• **TASK TO CARRY OUT**: The listing that follows should be duplicated character for character.

• **EXTRACTED MATERIAL**:
lemma C_transform_1_eq_C_transform_2_density:
  assumes \<nu>: "\<nu> \<in> M_plus 1" and fin: "emeasure \<nu> {..0} < \<infinity>" and z: "Im z > 0"
  shows "C_transform 1 \<nu> z = C_transform 2 (density lborel (\<lambda>s. measure \<nu> {..<s})) z"
proof -
  let ?F = "\<lambda>s. measure \<nu> {..<s}" and ?g = "\<lambda>s. 1 / (z + of_real s)^2"
  have fin': "emeasure \<nu> {..<s} < \<infinity>" for s
    using M_plus_emeasure_lessThan_finite[OF \<nu> _ fin] by simp
  have F: "?F \<in> borel_measurable borel"
    by (rule borel_measurable_measure_lessThan[OF M_plus_sets[OF \<nu>] fin'])
  have "integrable (density lborel ?F) ?g"
    using density_measure_lessThan_in_M_plus_2[OF \<nu> fin] z by (intro C_transform_integrable) auto
  then have int: "integrable lborel (\<lambda>s. ?F s *\<^sub>R ?g s)"
    using F by (subst integrable_density[symmetric]) auto
  have "C_transform 1 \<nu> z = (\<integral>t. (\<integral>s. indicator {t<..} s *\<^sub>R ?g s \<partial>lborel) \<partial>\<nu>)"
    by (simp add: C_transform_def integral_Ioi_inverse_square_add_of_real[OF z])
  also have "\<dots> = (\<integral>s. ?F s *\<^sub>R ?g s \<partial>lborel)"
    using M_plus_sigma_finite[OF \<nu>] M_plus_sets[OF \<nu>] fin' int
    by (intro Fubini_integral_Ioi_measure_lessThan) auto
  also have "\<dots> = C_transform 2 (density lborel ?F) z"
    using F by (simp add: C_transform_def integral_density)
  finally show ?thesis .
qed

• **ANSWER SPACE**:
lemma C_transform_1_eq_C_transform_2_density:
  assumes \<nu>: "\<nu> \<in> M_plus 1" and fin: "emeasure \<nu> {..0} < \<infinity>" and z: "Im z > 0"
  shows "C_transform 1 \<nu> z = C_transform 2 (density lborel (\<lambda>s. measure \<nu> {..<s})) z"
proof -
  let ?F = "\<lambda>s. measure \<nu> {..<s}" and ?g = "\<lambda>s. 1 / (z + of_real s)^2"
  have fin': "emeasure \<nu> {..<s} < \<infinity>" for s
    using M_plus_emeasure_lessThan_finite[OF \<nu> _ fin] by simp
  have F: "?F \<in> borel_measurable borel"
    by (rule borel_measurable_measure_lessThan[OF M_plus_sets[OF \<nu>] fin'])
  have "integrable (density lborel ?F) ?g"
    using density_measure_lessThan_in_M_plus_2[OF \<nu> fin] z by (intro C_transform_integrable) auto
  then have int: "integrable lborel (\<lambda>s. ?F s *\<^sub>R ?g s)"
    using F by (subst integrable_density[symmetric]) auto
  have "C_transform 1 \<nu> z = (\<integral>t. (\<integral>s. indicator {t<..} s *\<^sub>R ?g s \<partial>lborel) \<partial>\<nu>)"
    by (simp add: C_transform_def integral_Ioi_inverse_square_add_of_real[OF z])
  also have "\<dots> = (\<integral>s. ?F s *\<^sub>R ?g s \<partial>lborel)"
    using M_plus_sigma_finite[OF \<nu>] M_plus_sets[OF \<nu>] fin' int
    by (intro Fubini_integral_Ioi_measure_lessThan) auto
  also have "\<dots> = C_transform 2 (density lborel ?F) z"
    using F by (simp add: C_transform_def integral_density)
  finally show ?thesis .
qed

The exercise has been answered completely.